Do not be fooled
In Tuesday’s edition of The Jambar, columnist Jared Buker used his weekly editorial to attack the presumptive Republican presidential nominee Mitt Romney. For whatever reason, Mr. Buker and supporters of President Obama believe they can make this election about Mitt Romney, but I beg to differ.
The campaign this summer and fall will be about President Obama and his record as president the past four years. When one examines his record, it should be of no surprise that his supporters are trying to turn the focus toward Gov. Romney and the Republican Party. With that being said, I urge all voters to take a close look at the record of our president and to ask themselves if he is truly deserving of a second term as president.
In February 2009, President Obama urged Congress to pass the American Recovery and Reinvestment Act of 2009. The $787 billion stimulus package was projected by two Obama advisers to prevent unemployment from rising above 8 percent.
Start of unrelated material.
(* Let $a\ge 4$, $b>0$, $d>0$ with $d<b$, let $J_1,J_2$ satisfy the standing assumptions below, and assume the support of $J_2$ is contained in $[-S,S]$ for some $S\in(0,\infty)$. Let $s=s^*$ and let $\lambda_1\in(0,\hat\lambda_2)$ be the double root of $A(\lambda):=d[I_2(\lambda)-1]-s^*\lambda+b=0$ (so that $d\int_{\mathbb{R}}J_2(y)ye^{\lambda_1 y}dy=s^*$). Choose $\lambda_0\in(0,\min\{\lambda_1,\hat\lambda_1\})$ with $I_1(\lambda_0)-1-s^*\lambda_0<0$. Choose $h>\lambda_1 e$ large enough that $hze^{-\lambda_1 z}=1$ has exactly two roots $z_1<z_2$ with $0<z_1<1/\lambda_1<z_2$ and $z_2-z_1>S$. Choose $z_3>z_2$ with $he^{-\lambda_0 z_3}\le a(\lambda_1-\lambda_0)e/4$. Choose $q>0$ large enough that $z_0:=(q/h)^2>z_2$ and $$q>\frac{16bh^2\max_{z>0}\{z^2(z+S)^{3/2}e^{-\lambda_1 z}\}}{d\int_{\mathbb{R}}J_2(y)y^2e^{\lambda_1 y}dy}.$$ Let $g(z):=(hz-q\sqrt z)e^{-\lambda_1 z}$ for $z\ge0$ and let $z_M\in(z_0,\infty)$ be its unique maximum point. Fix $\delta$ with $0<\delta<\min\{g(z_M),\,1-1/a,\,\tfrac12(1-d/b)\}$, let $z_4\in(z_0,z_M)$ satisfy $g(z_4)=\delta$, and choose $$0<\varepsilon<\frac{\min\{\delta,\,hz_4-q\sqrt{z_4}\}}{1+s^*\lambda_1+a}.$$ Define $\overline\phi(z)=1-\varepsilon$ for $z\le0$, $\overline\phi(z)=1-\varepsilon e^{-\lambda_1 z}$ for $z>0$; $\underline\phi(z)=\tfrac12$ for $z\le z_3$, $\underline\phi(z)=1-\tfrac12e^{-\lambda_0(z-z_3)}$ for $z>z_3$; $\overline\psi(z)=1$ for $z\le z_2$, $\overline\psi(z)=hze^{-\lambda_1 z}$ for $z>z_2$; $\underline\psi(z)=\delta$ for $z\le z_4$, $\underline\psi(z)=(hz-q\sqrt z)e^{-\lambda_1 z}$ for $z>z_4$. Then $(\overline\phi,\overline\psi)$ and $(\underline\phi,\underline\psi)$ are a pair of upper and lower solutions of the traveling wave system with speed $s^*$ (in the sense defined below).
   Context: Standing assumptions: for $i=1,2$, $J_i$ is nonnegative and continuous on $\mathbb{R}$, $\int_{\mathbb{R}}J_i=1$, $J_i(y)=J_i(-y)$, and there is $\hat\lambda_i\in(0,\infty]$ with $I_i(\lambda):=\int_{\mathbb{R}}J_i(y)e^{\lambda y}dy<\infty$ for $\lambda\in(0,\hat\lambda_i)$ and $I_i(\lambda)\to\infty$ as $\lambda\uparrow\hat\lambda_i$. Define $s^*:=\inf_{\lambda\in(0,\hat\lambda_2)}\frac{d[I_2(\lambda)-1]+b}{\lambda}$ (positive and attained). For a function $u$ let $\mathcal{N}_i[u](z):=\int_{\mathbb{R}}J_i(y)u(z-y)dy-u(z)$. Definition: positive continuous functions $(\overline\phi,\overline\psi)$ and $(\underline\phi,\underline\psi)$ are a pair of upper and lower solutions of the system $\mathcal{N}_1[\phi]+s\phi'+a\phi(1-\phi)-\psi=0$, $d\mathcal{N}_2[\psi]+s\psi'+b\psi(1-\psi/\phi)=0$ if $\underline\phi\le\overline\phi$ and $\underline\psi\le\overline\psi$ on $\mathbb{R}$ and, for all $z\in\mathbb{R}\setminus E$ with $E$ some finite subset of $\mathbb{R}$: $\mathcal{N}_1[\overline\phi](z)+s\overline\phi'(z)+a\overline\phi(z)[1-\overline\phi(z)]-\underline\psi(z)\le0$; $d\mathcal{N}_2[\overline\psi](z)+s\overline\psi'(z)+b\overline\psi(z)[1-\overline\psi(z)/\overline\phi(z)]\le0$; $\mathcal{N}_1[\underline\phi](z)+s\underline\phi'(z)+a\underline\phi(z)[1-\underline\phi(z)]-\overline\psi(z)\ge0$; $d\mathcal{N}_2[\underline\psi](z)+s\underline\psi'(z)+b\underline\psi(z)[1-\underline\psi(z)/\underline\phi(z)]\ge0$. *)

theory Defs
  imports "HOL-Analysis.Analysis"
begin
However, the unemployment rate under President Obama reached a high of 10.2 percent in October 2009 and currently stands at 8.2 percent.
Also, in February 2009, President Obama said the following: “Today I am pledging to cut the deficit we inherited by half by the end of my first term in office.” In 2008, the budget deficit under President George W. Bush stood at $459 billion. In 2012, the budget deficit stands at $1.33 trillion, nearly three times larger than the budget deficit he inherited in his first year in office.
Throughout the 2008 campaign, President Obama vowed to roll back the Bush tax cuts on the wealthiest Americans. However, in December 2010, President Obama signed a two-year extension of those very tax cuts.
Finally, in March 2010, President Obama signed into law the Patient Protection and Affordable Care Act, otherwise known as Obamacare. When it was signed into law, the nonpartisan Congressional Budget Office projected the bill would cost $940 billion over a decade. However, in March of this year, the CBO revised its estimates upward to a cost of $1.76 trillion over a decade. The bill remains widely unpopular with Americans, as an average of three polls out this month show Americans oppose the bill by a 54 to 39 percent margin. Finally, the U.S. Supreme Court will rule this June as to whether the bill’s individual mandate is constitutional. Many legal observers believe the law is doomed.
In conclusion, the time is now for President Obama to take responsibility for his record. There is no doubt in my mind that the president’s campaign will continue to blame the previous administration for the mess we are in, but I do not think that will fly with the American people. We need a president that is not looking in the rearview mirror and blaming others, but one that is looking to the future and can promise the American people they can still strive to achieve the American dream. In my eyes, the choice is quite clear. Mitt Romney is more than capable of getting the United States back on track economically and fiscally in the years to come.